WHAT YOU SHOULD DO: Lines from the material below that hold the string "UNIV" are what is needed; copy each of them.
****************************************
lemma cdot_adjm_right: "cdot u (adjm B *v v) = cdot (B *v u) v"
proof -
  have "cdot u (adjm B *v v) = (\<Sum>i\<in>UNIV. \<Sum>j\<in>UNIV. cnj (u $ i) * (cnj (B $ j $ i) * v $ j))"
    unfolding cdot_def adjm_def matrix_vector_mult_def by (simp add: sum_distrib_left)
  also have "\<dots> = (\<Sum>j\<in>UNIV. \<Sum>i\<in>UNIV. cnj (u $ i) * (cnj (B $ j $ i) * v $ j))"
    by (rule sum.swap)
  also have "\<dots> = cdot (B *v u) v"
    unfolding cdot_def matrix_vector_mult_def
    by (simp add: sum_distrib_left sum_distrib_right mult_ac)
  finally show ?thesis .
qed

lemma cdot_mult_vec_mult_vec:
  "cdot (A *v (B *v u)) (A *v (B *v v)) = cdot u ((adjm B ** adjm A ** A ** B) *v v)"
  by (simp add: cdot_adjm_right[symmetric] matrix_vector_mul_assoc[symmetric])

lemma scaleR_vec_nth_complex: "((r::real) *\<^sub>R (v::complex^'a)) $ i = of_real r * v $ i"
  using scaleR_conv_of_real[of r "v $ i"] by simp

lemma cdot_scaleR_left: "cdot ((r::real) *\<^sub>R u) v = of_real r * cdot u v"
  unfolding cdot_def scaleR_vec_nth_complex by (simp add: sum_distrib_left mult_ac)

lemma cdot_scaleR_right: "cdot u ((r::real) *\<^sub>R v) = of_real r * cdot u v"
  unfolding cdot_def scaleR_vec_nth_complex by (simp add: sum_distrib_left mult_ac)

lemma cdot_sum_right: "cdot u (\<Sum>k\<in>A. f k) = (\<Sum>k\<in>A. cdot u (f k))"
proof -
  have "cdot u (\<Sum>k\<in>A. f k) = (\<Sum>i\<in>UNIV. \<Sum>k\<in>A. cnj (u $ i) * f k $ i)"
    unfolding cdot_def by (simp add: sum_component sum_distrib_left)
  also have "\<dots> = (\<Sum>k\<in>A. cdot u (f k))"
    unfolding cdot_def by (rule sum.swap)
  finally show ?thesis .
qed

lemma matrix_vector_mult_sum_left:
  "finite A \<Longrightarrow> (\<Sum>k\<in>A. M k) *v v = (\<Sum>k\<in>A. M k *v v)"
  by (induction A rule: finite_induct) (simp_all add: matrix_vector_mult_add_rdistrib)

lemma matrix_vector_mult_scaleR_left:
  "((r::real) *\<^sub>R (A::complex^'a^'b)) *v v = r *\<^sub>R (A *v v)"
  by (simp add: vec_eq_iff matrix_vector_mult_def scaleR_sum_right)

lemma mnorm2_nonneg: "0 \<le> mnorm2 (A::complex^'a^'b)"
  unfolding mnorm2_def by (rule onorm_pos_le) simp

lemma norm_mult_vec_le_mnorm2: "norm (A *v v) \<le> mnorm2 A * norm (v::complex^'a)"
  unfolding mnorm2_def by (rule onorm) simp

lemma norm_matpow_mult_vec_le: "norm (matpow S i *v v) \<le> mnorm2 S ^ i * norm (v::complex^'a)"
proof (induction i)
  case 0
  then show ?case by simp
next
  case (Suc i)
  have "norm (matpow S (Suc i) *v v) = norm (S *v (matpow S i *v v))"
    by (simp add: matrix_vector_mul_assoc)
  also have "\<dots> \<le> mnorm2 S * norm (matpow S i *v v)" by (rule norm_mult_vec_le_mnorm2)
  also have "\<dots> \<le> mnorm2 S * (mnorm2 S ^ i * norm v)"
    by (rule mult_left_mono[OF Suc mnorm2_nonneg])
  finally show ?case by simp
qed

lemma norm_cdot_matpow_le:
  "cmod (cdot (Y *v (matpow S i *v d)) (Y *v (matpow S i *v c)))
     \<le> norm d * mnorm2 (adjm Y ** Y) * norm c * (mnorm2 S ^ i)^2"
proof -
  have "cdot (Y *v (matpow S i *v d)) (Y *v (matpow S i *v c))
      = cdot (matpow S i *v d) ((adjm Y ** Y) *v (matpow S i *v c))"
    by (simp add: cdot_adjm_right[symmetric] matrix_vector_mul_assoc[symmetric])
  also have "cmod \<dots> \<le> norm (matpow S i *v d) * norm ((adjm Y ** Y) *v (matpow S i *v c))"
    by (rule norm_cdot_le)
  also have "\<dots> \<le> (mnorm2 S ^ i * norm d) * (mnorm2 (adjm Y ** Y) * (mnorm2 S ^ i * norm c))"
    by (intro mult_mono norm_matpow_mult_vec_le order_trans[OF norm_mult_vec_le_mnorm2]
        mult_left_mono mnorm2_nonneg) (auto intro!: mult_nonneg_nonneg mnorm2_nonneg zero_le_power)
  finally show ?thesis by (simp add: power2_eq_square mult_ac)
qed

lemma power_div_fact_le_exp:
  assumes "0 \<le> (s::real)"
  shows "s ^ k / fact k \<le> exp s"
proof -
  have "(\<Sum>i\<in>{k}. s ^ i /\<^sub>R fact i) \<le> (\<Sum>i. s ^ i /\<^sub>R fact i)"
    by (rule sum_le_suminf[OF summable_exp_generic]) (use assms in auto)
  then show ?thesis by (simp add: exp_def divide_inverse mult.commute)
qed

lemma exp_real_sums: "(\<lambda>k. (s::real) ^ k / fact k) sums exp s"
  using exp_converges[of s] by (simp add: divide_inverse mult.commute)

lemma
  assumes "0 \<le> (s::real)"
  shows summable_power_div_fact_squared: "summable (\<lambda>k. (s ^ k / fact k)^2)"
    and suminf_power_div_fact_squared_le: "(\<Sum>k. (s ^ k / fact k)^2) \<le> exp (2 * s)"
proof -
  have le: "(s ^ k / fact k)^2 \<le> exp s * (s ^ k / fact k)" for k
    unfolding power2_eq_square using assms
    by (intro mult_right_mono power_div_fact_le_exp) auto
  have dom: "summable (\<lambda>k. exp s * (s ^ k / fact k))"
    by (rule summable_mult[OF sums_summable[OF exp_real_sums]])
  show sq: "summable (\<lambda>k. (s ^ k / fact k)^2)"
    by (rule summable_comparison_test'[OF dom]) (use le in auto)
  have "(\<Sum>k. (s ^ k / fact k)^2) \<le> (\<Sum>k. exp s * (s ^ k / fact k))"
    by (rule suminf_le[OF le sq dom])
  also have "\<dots> = exp s * exp s"
    by (rule sums_unique[symmetric], rule sums_mult[OF exp_real_sums])
  finally show "(\<Sum>k. (s ^ k / fact k)^2) \<le> exp (2 * s)"
    by (simp add: exp_add[symmetric])
qed

lemma fact_mult_fact_le_fact_add: "fact k * fact m \<le> (fact (k + m) :: real)"
proof -
  have "fact k * fact m \<le> (fact (k + m) :: nat)"
    by (rule dvd_imp_le[OF fact_fact_dvd_fact]) simp
  then show ?thesis by (metis of_nat_fact of_nat_le_iff of_nat_mult)
qed

lemma suminf_power_div_fact_squared_tail_le:
  assumes s: "0 \<le> (s::real)"
  shows "(\<Sum>k. (s ^ (k + m) / fact (k + m))^2) \<le> (s ^ m / fact m)^2 * exp (2 * s)"
proof -
  have le: "(s ^ (k + m) / fact (k + m))^2 \<le> (s ^ m / fact m)^2 * (s ^ k / fact k)^2" for k
  proof -
    have "s ^ (k + m) / fact (k + m) \<le> s ^ (k + m) / (fact k * fact m)"
      using s fact_mult_fact_le_fact_add[of k m] by (intro divide_left_mono) auto
    then have "(s ^ (k + m) / fact (k + m))^2 \<le> (s ^ (k + m) / (fact k * fact m))^2"
      using s by (intro power_mono) auto
    then show ?thesis by (simp add: power_add power_mult_distrib power_divide mult_ac)
  qed
  have sq: "summable (\<lambda>k. (s ^ k / fact k)^2)" by (rule summable_power_div_fact_squared[OF s])
  have "(\<Sum>k. (s ^ (k + m) / fact (k + m))^2) \<le> (\<Sum>k. (s ^ m / fact m)^2 * (s ^ k / fact k)^2)"
    by (rule suminf_le[OF le summable_ignore_initial_segment[OF sq] summable_mult[OF sq]])
  also have "\<dots> = (s ^ m / fact m)^2 * (\<Sum>k. (s ^ k / fact k)^2)"
    by (rule suminf_mult[OF sq])
  also have "\<dots> \<le> (s ^ m / fact m)^2 * exp (2 * s)"
    by (rule mult_left_mono[OF suminf_power_div_fact_squared_le[OF s]]) simp
  finally show ?thesis .
qed

definition gram_term :: "complex^'p^'n \<Rightarrow> complex^'p^'p \<Rightarrow> nat \<Rightarrow> complex^'p^'p" where
  "gram_term Y S i = (1 / (fact i)^2) *\<^sub>R (adjm (matpow S i) ** adjm Y ** Y ** matpow S i)"

lemma Wmat_eq_sum_gram_term: "Wmat Y S N M = (\<Sum>i=N..M. gram_term Y S i)"
  unfolding Wmat_def gram_term_def ..

lemma cdot_struct_coeff_high_eq:
  assumes "N < i"
  shows "cdot (struct_coeff Y S d z N i) (struct_coeff Y S c x N i)
      = of_real (1 / (fact i)^2) * cdot (Y *v (matpow S i *v d)) (Y *v (matpow S i *v c))"
  using assms by (simp add: struct_coeff_def cdot_scaleR_left cdot_scaleR_right power2_eq_square)

lemma cdot_struct_coeff_high:
  assumes "N < i"
  shows "cdot (struct_coeff Y S d z N i) (struct_coeff Y S c x N i) = cdot d (gram_term Y S i *v c)"
proof -
  have "cdot (struct_coeff Y S d z N i) (struct_coeff Y S c x N i)
      = of_real (1 / (fact i)^2) * cdot (Y *v (matpow S i *v d)) (Y *v (matpow S i *v c))"
    by (rule cdot_struct_coeff_high_eq[OF assms])
  also have "\<dots> = cdot d (gram_term Y S i *v c)"
    by (simp only: gram_term_def matrix_vector_mult_scaleR_left cdot_scaleR_right
        cdot_mult_vec_mult_vec)
  finally show ?thesis .
qed

lemma norm_cdot_struct_coeff_high_le:
  assumes "N < i"
  shows "cmod (cdot (struct_coeff Y S d z N i) (struct_coeff Y S c x N i))
     \<le> norm d * mnorm2 (adjm Y ** Y) * norm c * (mnorm2 S ^ i / fact i)^2"
proof -
  have "cmod (cdot (struct_coeff Y S d z N i) (struct_coeff Y S c x N i))
      = cmod (cdot (Y *v (matpow S i *v d)) (Y *v (matpow S i *v c))) / (fact i)^2"
    by (simp add: cdot_struct_coeff_high_eq[OF assms] norm_mult norm_divide norm_power)
  also have "\<dots> \<le> norm d * mnorm2 (adjm Y ** Y) * norm c * (mnorm2 S ^ i)^2 / (fact i)^2"
    by (rule divide_right_mono[OF norm_cdot_matpow_le]) simp
  finally show ?thesis by (simp add: power_divide)
qed

lemma cdot_Wmat: "cdot d (Wmat Y S M M' *v c) = (\<Sum>i=M..M'. cdot d (gram_term Y S i *v c))"
  by (simp add: Wmat_eq_sum_gram_term matrix_vector_mult_sum_left cdot_sum_right)

lemma suminf_split_at_two_indices:
  fixes a :: "nat \<Rightarrow> 'a::real_normed_vector"
  assumes "summable a" and "N \<le> M"
  shows "suminf a = (\<Sum>i\<le>N. a i) + (\<Sum>i=Suc N..M. a i) + (\<Sum>k. a (k + (M + 1)))"
proof -
  have "(\<Sum>i<Suc M. a i) = (\<Sum>i\<le>N + (M - N). a i)"
    using assms(2) by (simp add: lessThan_Suc_atMost)
  also have "\<dots> = (\<Sum>i\<le>N. a i) + (\<Sum>i=Suc N..M. a i)"
    using assms(2) by (simp only: sum_up_index_split) simp
  finally show ?thesis
    using suminf_split_initial_segment[OF assms(1), of "M + 1"] by (simp add: add_ac)
qed

lemma summable_norm_cdot_struct_coeff:
  "summable (\<lambda>i. cmod (cdot (struct_coeff Y S d z N i) (struct_coeff Y S c x N i)))"
proof (rule summable_comparison_test')
  show "summable (\<lambda>i. norm d * mnorm2 (adjm Y ** Y) * norm c * (mnorm2 S ^ i / fact i)^2)"
    by (rule summable_mult[OF summable_power_div_fact_squared[OF mnorm2_nonneg]])
  show "norm (cmod (cdot (struct_coeff Y S d z N i) (struct_coeff Y S c x N i)))
      \<le> norm d * mnorm2 (adjm Y ** Y) * norm c * (mnorm2 S ^ i / fact i)^2" if "Suc N \<le> i" for i
    using norm_cdot_struct_coeff_high_le[of N i] that by simp
qed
****************************************
RESULT FOR THIS TASK:
  have "cdot u (adjm B *v v) = (\<Sum>i\<in>UNIV. \<Sum>j\<in>UNIV. cnj (u $ i) * (cnj (B $ j $ i) * v $ j))"
  also have "\<dots> = (\<Sum>j\<in>UNIV. \<Sum>i\<in>UNIV. cnj (u $ i) * (cnj (B $ j $ i) * v $ j))"
  have "cdot u (\<Sum>k\<in>A. f k) = (\<Sum>i\<in>UNIV. \<Sum>k\<in>A. cnj (u $ i) * f k $ i)"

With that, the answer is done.